(Records from a data collection)
>>>

(* Let $n\geq 3$ and $c\geq 1$, and let $\upsilon: UV_n(c)\to \mathrm{GL}_n(\mathbb{C})$ be a nontrivial homogeneous $2$-local representation. Then, up to equivalence of representations, $\upsilon$ is given by \[ \upsilon(\rho_i)=\begin{pmatrix} I_{i-1}&0&0\\ 0&\begin{pmatrix}0&r_2\\ \frac{1}{r_2}&0\end{pmatrix}&0\\ 0&0&I_{n-i-1}\end{pmatrix},\qquad \upsilon(\sigma_{i,t})=\begin{pmatrix} I_{i-1}&0&0\\ 0&\begin{pmatrix}s_{1,t}&s_{2,t}\\ s_{3,t}&s_{4,t}\end{pmatrix}&0\\ 0&0&I_{n-i-1}\end{pmatrix} \] for all $1\le i\le n-1$ and $1\le t\le c$, where $r_2,s_{1,t},s_{2,t},s_{3,t},s_{4,t}\in\mathbb{C}$ satisfy $r_2\neq 0$ and $s_{1,t}s_{4,t}-s_{2,t}s_{3,t}\neq 0$.
   Context: For $n\ge 2$, $c\ge 1$, the universal virtual braid group $UV_n(c)$ is the group with generators $\rho_i$ ($1\le i\le n-1$) and $\sigma_{i,t}$ ($1\le i\le n-1$, $1\le t\le c$) and relations: $\rho_i\rho_{i+1}\rho_i=\rho_{i+1}\rho_i\rho_{i+1}$ ($1\le i\le n-2$); $\rho_i\rho_j=\rho_j\rho_i$ ($|i-j|\ge 2$); $\rho_i^2=1$; $\sigma_{i,t}\sigma_{j,\ell}=\sigma_{j,\ell}\sigma_{i,t}$ ($|i-j|\ge2$, $1\le t,\ell\le c$); $\sigma_{i,t}\rho_j=\rho_j\sigma_{i,t}$ ($|i-j|\ge 2$); $\rho_i\rho_{i+1}\sigma_{i,t}=\sigma_{i+1,t}\rho_i\rho_{i+1}$ ($1\le i\le n-2$, $1\le t\le c$). A representation $\theta:UV_n(c)\to\mathrm{GL}_{n}(\mathbb{C})$ is called homogeneous $2$-local if there are matrices $R, S_1,\dots,S_c\in \mathrm{GL}_2(\mathbb{C})$ such that for all $i,t$, $\theta(\rho_i)=\mathrm{diag}(I_{i-1},R,I_{n-i-1})$ and $\theta(\sigma_{i,t})=\mathrm{diag}(I_{i-1},S_t,I_{n-i-1})$ (block diagonal), where $I_r$ is the $r\times r$ identity matrix. It is nontrivial if it is not the trivial representation (all generators sent to the identity). Two representations are equivalent if they are conjugate by a fixed invertible matrix. *)

theory Defs
  imports Complex_Main "Jordan_Normal_Form.Matrix" "Jordan_Normal_Form.Determinant"
begin

text \<open>The n x n block-diagonal matrix diag(I_{i-1}, A, I_{n-i-1}) for a 2x2 matrix A
  and 1 <= i <= n-1. Rows/columns are 0-indexed, so the block A occupies
  rows and columns i-1 and i.\<close>
definition local2 :: "nat \<Rightarrow> nat \<Rightarrow> complex mat \<Rightarrow> complex mat" where
  "local2 n i A = mat n n (\<lambda>(j,k).
     if j \<in> {i-1, i} \<and> k \<in> {i-1, i} then A $$ (j + 1 - i, k + 1 - i)
     else if j = k then 1 else 0)"

definition mat2 :: "complex \<Rightarrow> complex \<Rightarrow> complex \<Rightarrow> complex \<Rightarrow> complex mat" where
  "mat2 a b c d = mat_of_rows_list 2 [[a, b], [c, d]]"

text \<open>A homogeneous 2-local representation of UV_n(c) into GL_n(C) is determined by
  R, S_1, ..., S_c in GL_2(C); the assignment rho_i |-> local2 n i R,
  sigma_{i,t} |-> local2 n i (S t) extends to a homomorphism on UV_n(c) iff the images
  satisfy the defining relations of UV_n(c) (universal property of presentations).\<close>
definition homog_2local_rep :: "nat \<Rightarrow> nat \<Rightarrow> complex mat \<Rightarrow> (nat \<Rightarrow> complex mat) \<Rightarrow> bool" where
  "homog_2local_rep n c R S \<longleftrightarrow>
     R \<in> carrier_mat 2 2 \<and> invertible_mat R \<and>
     (\<forall>t\<in>{1..c}. S t \<in> carrier_mat 2 2 \<and> invertible_mat (S t)) \<and>
     (let rho = (\<lambda>i. local2 n i R); sig = (\<lambda>i t. local2 n i (S t)) in
       (\<forall>i. 1 \<le> i \<and> i \<le> n - 2 \<longrightarrow>
           rho i * rho (i+1) * rho i = rho (i+1) * rho i * rho (i+1)) \<and>
       (\<forall>i j. 1 \<le> i \<and> i \<le> n - 1 \<and> 1 \<le> j \<and> j \<le> n - 1 \<and> (i + 2 \<le> j \<or> j + 2 \<le> i) \<longrightarrow>
           rho i * rho j = rho j * rho i) \<and>
       (\<forall>i. 1 \<le> i \<and> i \<le> n - 1 \<longrightarrow> rho i * rho i = 1\<^sub>m n) \<and>
       (\<forall>i j t l. 1 \<le> i \<and> i \<le> n - 1 \<and> 1 \<le> j \<and> j \<le> n - 1 \<and> (i + 2 \<le> j \<or> j + 2 \<le> i)
           \<and> t \<in> {1..c} \<and> l \<in> {1..c} \<longrightarrow> sig i t * sig j l = sig j l * sig i t) \<and>
       (\<forall>i j t. 1 \<le> i \<and> i \<le> n - 1 \<and> 1 \<le> j \<and> j \<le> n - 1 \<and> (i + 2 \<le> j \<or> j + 2 \<le> i)
           \<and> t \<in> {1..c} \<longrightarrow> sig i t * rho j = rho j * sig i t) \<and>
       (\<forall>i t. 1 \<le> i \<and> i \<le> n - 2 \<and> t \<in> {1..c} \<longrightarrow>
           rho i * rho (i+1) * sig i t = sig (i+1) t * rho i * rho (i+1)))"

definition nontrivial_rep :: "nat \<Rightarrow> nat \<Rightarrow> complex mat \<Rightarrow> (nat \<Rightarrow> complex mat) \<Rightarrow> bool" where
  "nontrivial_rep n c R S \<longleftrightarrow>
     \<not> ((\<forall>i\<in>{1..n-1}. local2 n i R = 1\<^sub>m n) \<and>
        (\<forall>i\<in>{1..n-1}. \<forall>t\<in>{1..c}. local2 n i (S t) = 1\<^sub>m n))"

end

theory Submission
  imports Defs
begin

(* Everything happens in the top-left 3 x 3 corner, where rho_1, rho_2, sigma_{1,t}, sigma_{2,t} act.
   There rho_1^2 = 1 and rho_1 rho_2 rho_1 = rho_2 rho_1 rho_2 leave only two possibilities for
   R = [[a, b], [c, d]]: either R = I, or a = d = 0 and b c = 1.  If R = I, the mixed relation
   rho_1 rho_2 sigma_{1,t} = sigma_{2,t} rho_1 rho_2 says that S_t placed at positions 1 and 2 gives
   the same matrix, which forces S_t = I, so the representation is trivial.  Hence R already has the
   required shape and no change of basis is needed (P = Q = I), while the S_t, being invertible,
   have nonzero determinant. *)

lemma local2_carrier [simp]: "local2 n i A \<in> carrier_mat n n"
  unfolding local2_def by auto

lemma dim_local2 [simp]: "dim_row (local2 n i A) = n" "dim_col (local2 n i A) = n"
  unfolding local2_def by auto

lemma index_local2:
  "j < n \<Longrightarrow> k < n \<Longrightarrow> local2 n i A $$ (j, k) =
    (if j \<in> {i - 1, i} \<and> k \<in> {i - 1, i} then A $$ (j + 1 - i, k + 1 - i)
     else if j = k then 1 else 0)"
  unfolding local2_def by simp

lemma index_mult_local2:
  assumes M: "M \<in> carrier_mat n n" and i: "1 \<le> i" "i < n" and jk: "j < n" "k < n"
  shows "(M * local2 n i A) $$ (j, k) =
    (if k = i - 1 then M $$ (j, i - 1) * A $$ (0, 0) + M $$ (j, i) * A $$ (1, 0)
     else if k = i then M $$ (j, i - 1) * A $$ (0, 1) + M $$ (j, i) * A $$ (1, 1)
     else M $$ (j, k))"
proof -
  let ?f = "\<lambda>l. M $$ (j, l) * local2 n i A $$ (l, k)"
  have prod: "(M * local2 n i A) $$ (j, k) = (\<Sum>l<n. ?f l)"
    using M jk by (simp add: index_mult_mat scalar_prod_def atLeast0LessThan)
  show ?thesis
  proof (cases "k \<in> {i - 1, i}")
    case True
    have "(\<Sum>l<n. ?f l) = (\<Sum>l\<in>{i - 1, i}. ?f l)"
      by (rule sum.mono_neutral_right) (use i jk True in \<open>auto simp: index_local2\<close>)
    also have "\<dots> = ?f (i - 1) + ?f i"
      using i by simp
    finally show ?thesis
      using prod i jk True by (auto simp: index_local2)
  next
    case False
    have "(\<Sum>l<n. ?f l) = (\<Sum>l\<in>{k}. ?f l)"
      by (rule sum.mono_neutral_right) (use i jk False in \<open>auto simp: index_local2\<close>)
    then show ?thesis
      using prod jk False by (auto simp: index_local2)
  qed
qed

lemma local2_one: "1 \<le> i \<Longrightarrow> local2 n i (1\<^sub>m 2) = 1\<^sub>m n"
  by (rule eq_matI) (auto simp: index_local2)

lemma local2_1_eq_local2_2_imp_one:
  assumes "3 \<le> n" and "A \<in> carrier_mat 2 2" and eq: "local2 n 1 A = local2 n 2 A"
  shows "A = 1\<^sub>m 2"
proof (rule eq_matI)
  have "local2 n 1 A $$ (j, k) = local2 n 2 A $$ (j, k)" for j k
    using eq by simp
  from this[of 0 0] this[of 0 1] this[of 1 0] this[of 2 2]
  show "A $$ (j, k) = 1\<^sub>m 2 $$ (j, k)" if "j < dim_row (1\<^sub>m 2)" "k < dim_col (1\<^sub>m 2)" for j k
    using that assms(1) by (auto simp: index_local2 less_2_cases_iff)
qed (use assms(2) in auto)

lemma dim_mat2 [simp]: "dim_row (mat2 a b c d) = 2" "dim_col (mat2 a b c d) = 2"
  unfolding mat2_def mat_of_rows_list_def by auto

lemma index_mat2 [simp]:
  "j < 2 \<Longrightarrow> k < 2 \<Longrightarrow> mat2 a b c d $$ (j, k) =
    (if j = 0 then if k = 0 then a else b else if k = 0 then c else d)"
  unfolding mat2_def mat_of_rows_list_def by (auto simp: less_2_cases_iff)

lemma mat2_entries: "A \<in> carrier_mat 2 2 \<Longrightarrow> A = mat2 (A $$ (0, 0)) (A $$ (0, 1)) (A $$ (1, 0)) (A $$ (1, 1))"
  by (rule eq_matI) (auto simp: less_2_cases_iff)

lemma mat2_eq_iff: "mat2 a b c d = mat2 a' b' c' d' \<longleftrightarrow> a = a' \<and> b = b' \<and> c = c' \<and> d = d'"
  by (auto dest: arg_cong[where f = "\<lambda>M. (M $$ (0, 0), M $$ (0, 1), M $$ (1, 0), M $$ (1, 1))"])

lemma one_mat2: "1\<^sub>m 2 = mat2 1 0 0 1"
  by (rule eq_matI) (auto simp: less_2_cases_iff)

lemma mat2_mult:
  "mat2 a b c d * mat2 a' b' c' d' = mat2 (a * a' + b * c') (a * b' + b * d') (c * a' + d * c') (c * b' + d * d')"
  by (rule eq_matI) (auto simp: less_2_cases_iff scalar_prod_def numeral_2_eq_2)

lemma invertible_mat2_det_nonzero:
  fixes A :: "complex mat"
  assumes A: "A \<in> carrier_mat 2 2" and "invertible_mat A"
  shows "A $$ (0, 0) * A $$ (1, 1) - A $$ (0, 1) * A $$ (1, 0) \<noteq> 0"
proof -
  obtain B where AB: "A * B = 1\<^sub>m 2" and BA: "B * A = 1\<^sub>m (dim_row B)"
    using assms unfolding invertible_mat_def inverts_mat_def by auto
  have B: "B \<in> carrier_mat 2 2"
    using arg_cong[OF AB, of dim_col] arg_cong[OF BA, of dim_col] A by auto
  define a b c d where A_entries: "a = A $$ (0, 0)" "b = A $$ (0, 1)" "c = A $$ (1, 0)" "d = A $$ (1, 1)"
  define e f g h where B_entries: "e = B $$ (0, 0)" "f = B $$ (0, 1)" "g = B $$ (1, 0)" "h = B $$ (1, 1)"
  have "mat2 a b c d * mat2 e f g h = mat2 1 0 0 1"
    using AB mat2_entries[OF A] mat2_entries[OF B] unfolding A_entries B_entries by (simp add: one_mat2)
  then have "a * e + b * g = 1" "a * f + b * h = 0" "c * e + d * g = 0" "c * f + d * h = 1"
    by (simp_all add: mat2_mult mat2_eq_iff)
  moreover have "(a * d - b * c) * (e * h - f * g) =
      (a * e + b * g) * (c * f + d * h) - (a * f + b * h) * (c * e + d * g)"
    by (simp add: algebra_simps)
  ultimately have "(a * d - b * c) * (e * h - f * g) = 1"
    by simp
  then show ?thesis
    unfolding A_entries by auto
qed

lemma involutive_braid_coeffs:
  fixes a b c d :: "'a :: {idom, ring_char_0}"
  assumes sq00: "a * a + b * c = 1" and sq11: "c * b + d * d = 1"
    and sq01: "a * b + b * d = 0" and sq10: "c * a + d * c = 0"
    and br00: "a * a + a * b * c = a" and br22: "b * c * d + d * d = d"
  shows "(a = 1 \<and> b = 0 \<and> c = 0 \<and> d = 1) \<or> (a = 0 \<and> d = 0 \<and> b * c = 1)"
proof (cases "a = 0")
  case True
  with sq00 sq11 show ?thesis by (simp add: mult.commute)
next
  case False
  have "a * (a + b * c - 1) = 0"
    using br00 by (simp add: algebra_simps)
  with False have "a + b * c = 1" by simp
  with sq00 have "a * a = a" by (metis add_right_cancel)
  with False have a: "a = 1" by simp
  with sq00 have bc: "b * c = 0" by simp
  with sq11 br22 have "d * d = 1" "d * d = d" by (simp_all add: mult.commute)
  then have d: "d = 1" by simp
  from sq01 sq10 have "b = 0" "c = 0"
    unfolding a d by simp_all
  with a d show ?thesis by simp
qed

lemma local2_involutive_braid_cases:
  assumes n: "3 \<le> n" and R: "R \<in> carrier_mat 2 2"
    and braid: "local2 n 1 R * local2 n 2 R * local2 n 1 R = local2 n 2 R * local2 n 1 R * local2 n 2 R"
    and invol: "local2 n 1 R * local2 n 1 R = 1\<^sub>m n"
  shows "R = 1\<^sub>m 2 \<or> (\<exists>r. r \<noteq> 0 \<and> R = mat2 0 r (1 / r) 0)"
proof -
  define a b c d where R_entries: "a = R $$ (0, 0)" "b = R $$ (0, 1)" "c = R $$ (1, 0)" "d = R $$ (1, 1)"
  have br: "(local2 n 1 R * local2 n 2 R * local2 n 1 R) $$ (j, j) =
      (local2 n 2 R * local2 n 1 R * local2 n 2 R) $$ (j, j)" for j
    using braid by simp
  have sq: "(local2 n 1 R * local2 n 1 R) $$ (j, k) = 1\<^sub>m n $$ (j, k)" for j k
    using invol by simp
  note entries = index_mult_local2 index_local2 R_entries
  have "a * a + b * c = 1" "c * b + d * d = 1" "a * b + b * d = 0" "c * a + d * c = 0"
    using sq[of 0 0] sq[of 1 1] sq[of 0 1] sq[of 1 0] n by (simp_all del: index_mult_mat add: entries)
  moreover have "a * a + a * b * c = a" "b * c * d + d * d = d"
    using br[of 0] br[of 2] n
    by (simp_all del: index_mult_mat
        add: entries mult_carrier_mat[OF local2_carrier local2_carrier] algebra_simps)
  ultimately consider "a = 1" "b = 0" "c = 0" "d = 1" | "a = 0" "d = 0" "b * c = 1"
    using involutive_braid_coeffs by blast
  moreover have R_abcd: "R = mat2 a b c d"
    using mat2_entries[OF R] unfolding R_entries .
  ultimately show ?thesis
  proof cases
    case 1
    then show ?thesis
      using R_abcd by (simp add: one_mat2)
  next
    case 2
    then have "b \<noteq> 0" "c = 1 / b"
      by (auto simp: eq_divide_eq mult.commute)
    then show ?thesis
      using R_abcd 2 by blast
  qed
qed

lemma homog_2local_rep_relations_at_1:
  assumes rep: "homog_2local_rep n c R S" and n: "3 \<le> n"
  shows "R \<in> carrier_mat 2 2"
    and "t \<in> {1..c} \<Longrightarrow> S t \<in> carrier_mat 2 2 \<and> invertible_mat (S t)"
    and "local2 n 1 R * local2 n 2 R * local2 n 1 R = local2 n 2 R * local2 n 1 R * local2 n 2 R"
    and "local2 n 1 R * local2 n 1 R = 1\<^sub>m n"
    and "t \<in> {1..c} \<Longrightarrow>
      local2 n 1 R * local2 n 2 R * local2 n 1 (S t) = local2 n 2 (S t) * local2 n 1 R * local2 n 2 R"
  using rep n unfolding homog_2local_rep_def Let_def
  by (auto dest!: spec[of _ 1] simp: numeral_2_eq_2)

lemma nontrivial_homog_2local_rep_R_ne_one:
  assumes n: "3 \<le> n" and rep: "homog_2local_rep n c R S" and nontriv: "nontrivial_rep n c R S"
  shows "R \<noteq> 1\<^sub>m 2"
proof
  assume R_one: "R = 1\<^sub>m 2"
  have "S t = 1\<^sub>m 2" if t: "t \<in> {1..c}" for t
  proof (rule local2_1_eq_local2_2_imp_one[OF n])
    show "S t \<in> carrier_mat 2 2"
      using homog_2local_rep_relations_at_1(2)[OF rep n t] by blast
    show "local2 n 1 (S t) = local2 n 2 (S t)"
      using homog_2local_rep_relations_at_1(5)[OF rep n t] by (simp add: R_one local2_one)
  qed
  with R_one nontriv show False
    by (simp add: nontrivial_rep_def local2_one)
qed

theorem theorem3p1:
  fixes n c :: nat and R :: "complex mat" and S :: "nat \<Rightarrow> complex mat"
  assumes "n \<ge> 3" and "c \<ge> 1"
    and "homog_2local_rep n c R S"
    and "nontrivial_rep n c R S"
  shows "\<exists>P Q r2 s1 s2 s3 s4.
     P \<in> carrier_mat n n \<and> Q \<in> carrier_mat n n \<and> P * Q = 1\<^sub>m n \<and> Q * P = 1\<^sub>m n \<and>
     r2 \<noteq> 0 \<and> (\<forall>t\<in>{1..c}. s1 t * s4 t - s2 t * s3 t \<noteq> 0) \<and>
     (\<forall>i\<in>{1..n-1}. P * local2 n i R * Q = local2 n i (mat2 0 r2 (1 / r2) 0)) \<and>
     (\<forall>i\<in>{1..n-1}. \<forall>t\<in>{1..c}.
        P * local2 n i (S t) * Q = local2 n i (mat2 (s1 t) (s2 t) (s3 t) (s4 t)))"
proof -
  note rels = homog_2local_rep_relations_at_1[OF assms(3,1)]
  obtain r where r: "r \<noteq> 0" "R = mat2 0 r (1 / r) 0"
    using local2_involutive_braid_cases[OF assms(1) rels(1,3,4)]
      nontrivial_homog_2local_rep_R_ne_one[OF assms(1,3,4)] by blast
  define s where "s j k t = S t $$ (j, k)" for j k t
  have det: "s 0 0 t * s 1 1 t - s 0 1 t * s 1 0 t \<noteq> 0" if "t \<in> {1..c}" for t
    using invertible_mat2_det_nonzero rels(2)[OF that] unfolding s_def by blast
  have S_eq: "S t = mat2 (s 0 0 t) (s 0 1 t) (s 1 0 t) (s 1 1 t)" if "t \<in> {1..c}" for t
    using mat2_entries rels(2)[OF that] unfolding s_def by blast
  show ?thesis
    by (rule exI[of _ "1\<^sub>m n"], rule exI[of _ "1\<^sub>m n"], rule exI[of _ r],
        rule exI[of _ "s 0 0"], rule exI[of _ "s 0 1"], rule exI[of _ "s 1 0"], rule exI[of _ "s 1 1"])
      (use r det S_eq in auto)
qed

end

<<<

WHAT TO DO >> Looking at the entries above, copy out every line in which "dest" occurs.

EXERCISE RESULT >>
  by (auto dest: arg_cong[where f = "\<lambda>M. (M $$ (0, 0), M $$ (0, 1), M $$ (1, 0), M $$ (1, 1))"])
  by (auto dest!: spec[of _ 1] simp: numeral_2_eq_2)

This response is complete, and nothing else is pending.